In the 1930s, British adviser to Bahrain Sir Charles Belgrave proposed to rename the Persian Gulf, “Arabian Gulf,” a proposal that was rejected by the British Colonial and Foreign offices. Two decades later, the Anglo-Iranian Oil Company resurrected the term during its dispute with Mohammad Mossadegh, the Iranian Prime Minister whose battle with British oil interests would end in a U.S.-sponsored coup d'état that continues to haunt U.S.-Iran relations. In the 1960s, the title “Arabian Gulf” became central to propaganda efforts during the Pan-Arabism era aimed at exploiting ethnic divisions in the region to unite Arabs against non-Arabs, namely Iranians and Israelis. The term was later employed by Saddam Hussein to justify his aims at territorial expansion. Osama Bin Laden even adopted the phrase in an attempt to rally Arab populations by emphasizing ethnic rivalries in the Middle East.

We have serious concerns that Google is now playing into these efforts of geographic politicization. Unfortunately, this is not the first time Google has stirred controversy on this topic. In 2008, Google Earth began including the term “Arabian Gulf” in addition to Persian Gulf as the name for the body of water. NIAC and others called on you then to stop using this ethnically divisive propaganda term, but to no avail. Instead of following the example of organizations like the National Geographic Society, which in 2004 used term “Arabian Gulf” in its maps but recognized the error and corrected it, Google has apparently decided to allow its informational products to become politicized.

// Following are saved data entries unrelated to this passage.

lemma N_count_degree_table_ge:
  assumes dt: "degree_table K L T ap as bp bs" and "T > 0"
  shows "K * L + K + L + 2 * T \<le> N_count (ap @ as) (bp @ bs) + min (min K L) (T * T) + 1"
proof -
  interpret degree_table_sets "set ap" "set as" "set bp" "set bs"
    using dt by (rule degree_table_sets_of_degree_table)
  interpret swapped: degree_table_sets "set bp" "set bs" "set ap" "set as"
    by (rule swap)
  have nonempty: "set as \<noteq> {}" "set bs \<noteq> {}"
    using degree_table_card_set[OF dt] \<open>T > 0\<close> by auto
  have "K * L + K + L + 2 * T \<le> N_count (ap @ as) (bp @ bs) + min K (T * T) + 1"
    using card_sumset_lower_bound[OF nonempty] degree_table_card_set[OF dt]
    by (simp add: N_count_def)
  moreover have "K * L + K + L + 2 * T \<le> N_count (ap @ as) (bp @ bs) + min L (T * T) + 1"
    using swapped.card_sumset_lower_bound[OF nonempty(2,1)] degree_table_card_set[OF dt]
    by (simp add: N_count_def sumset_commute[of "set bp \<union> set bs"] mult.commute)
  ultimately show ?thesis
    by (metis min_def)
qed

lemma min_square_le_mult_min:
  fixes K L T :: nat
  assumes "T > 0"
  shows "min (min K L) (T * T) \<le> T * min K (min L T)"
proof -
  have "K \<le> T * K" "L \<le> T * L" using assms by simp_all
  then show ?thesis by (auto simp: nat_mult_min_right min_le_iff_disj)
qed

lemma set_standard_secondary: "set (map (\<lambda>i. K * i) [0..<L] @ [K * L]) = (\<lambda>j. K * j) ` {0..L}"
  by (auto simp: atLeastAtMost_upt)

lemma degree_table_standard:
  assumes "K > 0" "L > 0"
  shows "degree_table K L 1 [0..<K] [K * L] (map (\<lambda>i. K * i) [0..<L]) [K * L]"
proof -
  have digits_unique: "x = i \<and> j' = j" if "x < K" "i < K" "x + K * j' = i + K * j" for x i j j'
  proof -
    have "(x + K * j') mod K = (i + K * j) mod K" "(x + K * j') div K = (i + K * j) div K"
      using that(3) by simp_all
    then show ?thesis using that(1,2) by simp
  qed
  have "\<exists>!ij. ij \<in> set ([0..<K] @ [K * L]) \<times> set (map (\<lambda>i. K * i) [0..<L] @ [K * L])
      \<and> fst ij + snd ij = n"
    if n_in: "n \<in> sumset (set [0..<K]) (set (map (\<lambda>i. K * i) [0..<L]))" for n
  proof -
    obtain i j where ij: "i < K" "j < L" "n = i + K * j"
      using n_in unfolding sumset_def by auto
    have "n < K * L"
      using ij mult_le_mono2[of "Suc j" L K] by simp
    have unique: "x = i \<and> y = K * j"
      if x: "x \<in> insert (K * L) {0..<K}" and y: "y \<in> (\<lambda>j. K * j) ` {0..L}"
        and xy: "x + y = n" for x y
    proof -
      obtain j' where "y = K * j'" using y by blast
      moreover have "x < K" using x xy \<open>n < K * L\<close> by auto
      ultimately show ?thesis using digits_unique ij xy by blast
    qed
    show ?thesis
      unfolding set_standard_secondary
    proof (rule ex1I[of _ "(i, K * j)"])
      fix ij' assume "ij' \<in> set ([0..<K] @ [K * L]) \<times> (\<lambda>j. K * j) ` {0..L} \<and> fst ij' + snd ij' = n"
      then show "ij' = (i, K * j)"
        using unique[of "fst ij'" "snd ij'"] by (auto simp: prod_eq_iff mem_Times_iff)
    qed (use ij in auto)
  qed
  then show ?thesis
    using assms by (auto simp: degree_table_def distinct_map inj_on_def)
qed

lemma N_count_standard_le:
  assumes "K > 0"
  shows "N_count ([0..<K] @ [K * L]) (map (\<lambda>i. K * i) [0..<L] @ [K * L]) \<le> K * L + K + L"
proof -
  let ?S = "sumset (set ([0..<K] @ [K * L])) (set (map (\<lambda>i. K * i) [0..<L] @ [K * L]))"
  let ?U = "{0..<K * L + K} \<union> (\<lambda>j. K * L + K * j) ` {1..L}"
  have "x + K * j \<in> ?U"
    if "x < K \<or> x = K * L" "j \<le> L" for x j
  proof (cases "x < K")
    case True
    then have "x + K * j < K + K * L" using that(2) by (simp add: add_less_le_mono)
    then show ?thesis by simp
  next
    case False
    then show ?thesis using that assms by (cases "j = 0") auto
  qed
  then have "?S \<subseteq> ?U"
    unfolding set_standard_secondary sumset_def by fastforce
  then have "card ?S \<le> card ?U"
    by (intro card_mono) auto
  also have "\<dots> \<le> card {0..<K * L + K} + card ((\<lambda>j. K * L + K * j) ` {1..L})"
    by (rule card_Un_le)
  also have "\<dots> \<le> (K * L + K) + L"
    using card_image_le[of "{1..L}" "\<lambda>j. K * L + K * j"] by simp
  finally show ?thesis unfolding N_count_def .
qed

Google should rectify this situation and immediately include the proper name for the Persian Gulf in Google Maps and all of its informational products. The exclusion of the title of the Persian Gulf diminishes your applications as informational tools, and raises questions about the integrity and accuracy of information provided by Google.

We strongly urge you to stay true to Google’s mission – “to organize the world’s information and make it universally accessible and useful” – without distorting or politicizing that information. We look forward to an explanation from you regarding the recent removal of the Persian Gulf name from Google Maps and call on you to immediately correct this mistake.